*DIRECTIONS*
Your answer should be the exact lines of the data below from the one containing "using n3 by simp" through the one containing "using mt_iterates_limit[OF n"; please include nothing else.

(Collected data)
theorem mainTheorem2:
  fixes U :: "nat \<Rightarrow> 'a::{real_inner, complete_space} set"
    and n :: nat and lam :: real
    and z :: "nat \<Rightarrow> nat \<Rightarrow> 'a"
  assumes n3: "n \<ge> 3"
    and U_sub: "\<forall>i\<in>{1..n}. subspace (U i) \<and> closed (U i)"
    and lam: "0 < lam" "lam < 1"
    and iter: "\<forall>k. \<forall>i\<in>{1..n-1}.
       z (Suc k) i = (1 - lam) *\<^sub>R z k i + lam *\<^sub>R mt_T n (\<lambda>j. orth_proj (U j)) (z k) i"
  shows "let P = (\<lambda>j. orth_proj (U j));
             Z = (\<Inter>j\<in>{1..n}. U j);
             p = (1 / real (n - 1)) *\<^sub>R (\<Sum>i\<in>{1..n-1}. z 0 i)
         in (\<exists>zbar :: nat \<Rightarrow> 'a.
               (\<lambda>k. prod_norm {1..n-1} (\<lambda>i. z k i - zbar i)) \<longlonglongrightarrow> 0
             \<and> (\<forall>i\<in>{1..n-1}. mt_T n P zbar i = zbar i)
             \<and> (\<lambda>k. prod_norm {1..n} (\<lambda>i. mt_M n P (z k) i - mt_M n P zbar i)) \<longlonglongrightarrow> 0
             \<and> (\<forall>i\<in>{1..n}. mt_M n P zbar i = orth_proj Z p))
           \<and> (\<forall>k. P 1 (z k 1) = mt_M n P (z k) 1)
           \<and> (\<lambda>k. mt_M n P (z k) 1) \<longlonglongrightarrow> orth_proj Z p
           \<and> orth_proj Z p = (1 / real (n - 1)) *\<^sub>R orth_proj Z (\<Sum>i\<in>{1..n-1}. z 0 i)
           \<and> (\<forall>x0. (\<forall>i\<in>{1..n-1}. z 0 i = x0) \<longrightarrow> (\<lambda>k. P 1 (z k 1)) \<longlonglongrightarrow> orth_proj Z x0)"
proof -
  have n: "n \<ge> 2" using n3 by simp
  define p where "p = (1 / real (n - 1)) *\<^sub>R (\<Sum>i\<in>{1..n-1}. z 0 i)"
  obtain zbar where lim: "\<And>i. i \<in> {1..n-1} \<Longrightarrow> (\<lambda>k. z k i) \<longlonglongrightarrow> zbar i"
    and fixed: "\<forall>i\<in>{1..n-1}. mt_T n (\<lambda>j. orth_proj (U j)) zbar i = zbar i"
    and M_lim: "\<And>i. i \<in> {1..n} \<Longrightarrow>
      (\<lambda>k. mt_M n (\<lambda>j. orth_proj (U j)) (z k) i) \<longlonglongrightarrow> mt_M n (\<lambda>j. orth_proj (U j)) zbar i"
    and M_zbar: "\<And>i. i \<in> {1..n} \<Longrightarrow> mt_M n (\<lambda>j. orth_proj (U j)) zbar i = orth_proj (\<Inter>j\<in>{1..n}. U j) p"
    using mt_iterates_limit[OF n U_sub lam iter] unfolding p_def by blast
  have first: "\<forall>k. orth_proj (U 1) (z k 1) = mt_M n (\<lambda>j. orth_proj (U j)) (z k) 1"
    using n by (simp add: mt_M_def)
  have lim_first: "(\<lambda>k. mt_M n (\<lambda>j. orth_proj (U j)) (z k) 1) \<longlonglongrightarrow> orth_proj (\<Inter>j\<in>{1..n}. U j) p"
    using M_lim[of 1] M_zbar[of 1] n by simp
  have "(\<lambda>k. orth_proj (U 1) (z k 1)) \<longlonglongrightarrow> orth_proj (\<Inter>j\<in>{1..n}. U j) x0"
    if "\<forall>i\<in>{1..n-1}. z 0 i = x0" for x0
    using that n first lim_first by (simp add: p_def sum_constant_scaleR)
  moreover have "(\<lambda>k. prod_norm {1..n-1} (\<lambda>i. z k i - zbar i)) \<longlonglongrightarrow> 0"
    by (rule tendsto_prod_norm_zero) (simp_all add: lim)
  moreover have "(\<lambda>k. prod_norm {1..n} (\<lambda>i. mt_M n (\<lambda>j. orth_proj (U j)) (z k) i
      - mt_M n (\<lambda>j. orth_proj (U j)) zbar i)) \<longlonglongrightarrow> 0"
    by (rule tendsto_prod_norm_zero) (simp_all add: M_lim)
  moreover have "orth_proj (\<Inter>j\<in>{1..n}. U j) p
      = (1 / real (n - 1)) *\<^sub>R orth_proj (\<Inter>j\<in>{1..n}. U j) (\<Sum>i\<in>{1..n-1}. z 0 i)"
    unfolding p_def by (rule linear_scale[OF linear_orth_proj_Z\<^sub>U[OF n U_sub]])
  ultimately show ?thesis
    using fixed M_zbar first lim_first unfolding Let_def p_def[symmetric] by blast
qed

*SOLUTION TO THE PROBLEM*
  have n: "n \<ge> 2" using n3 by simp
  define p where "p = (1 / real (n - 1)) *\<^sub>R (\<Sum>i\<in>{1..n-1}. z 0 i)"
  obtain zbar where lim: "\<And>i. i \<in> {1..n-1} \<Longrightarrow> (\<lambda>k. z k i) \<longlonglongrightarrow> zbar i"
    and fixed: "\<forall>i\<in>{1..n-1}. mt_T n (\<lambda>j. orth_proj (U j)) zbar i = zbar i"
    and M_lim: "\<And>i. i \<in> {1..n} \<Longrightarrow>
      (\<lambda>k. mt_M n (\<lambda>j. orth_proj (U j)) (z k) i) \<longlonglongrightarrow> mt_M n (\<lambda>j. orth_proj (U j)) zbar i"
    and M_zbar: "\<And>i. i \<in> {1..n} \<Longrightarrow> mt_M n (\<lambda>j. orth_proj (U j)) zbar i = orth_proj (\<Inter>j\<in>{1..n}. U j) p"
    using mt_iterates_limit[OF n U_sub lam iter] unfolding p_def by blast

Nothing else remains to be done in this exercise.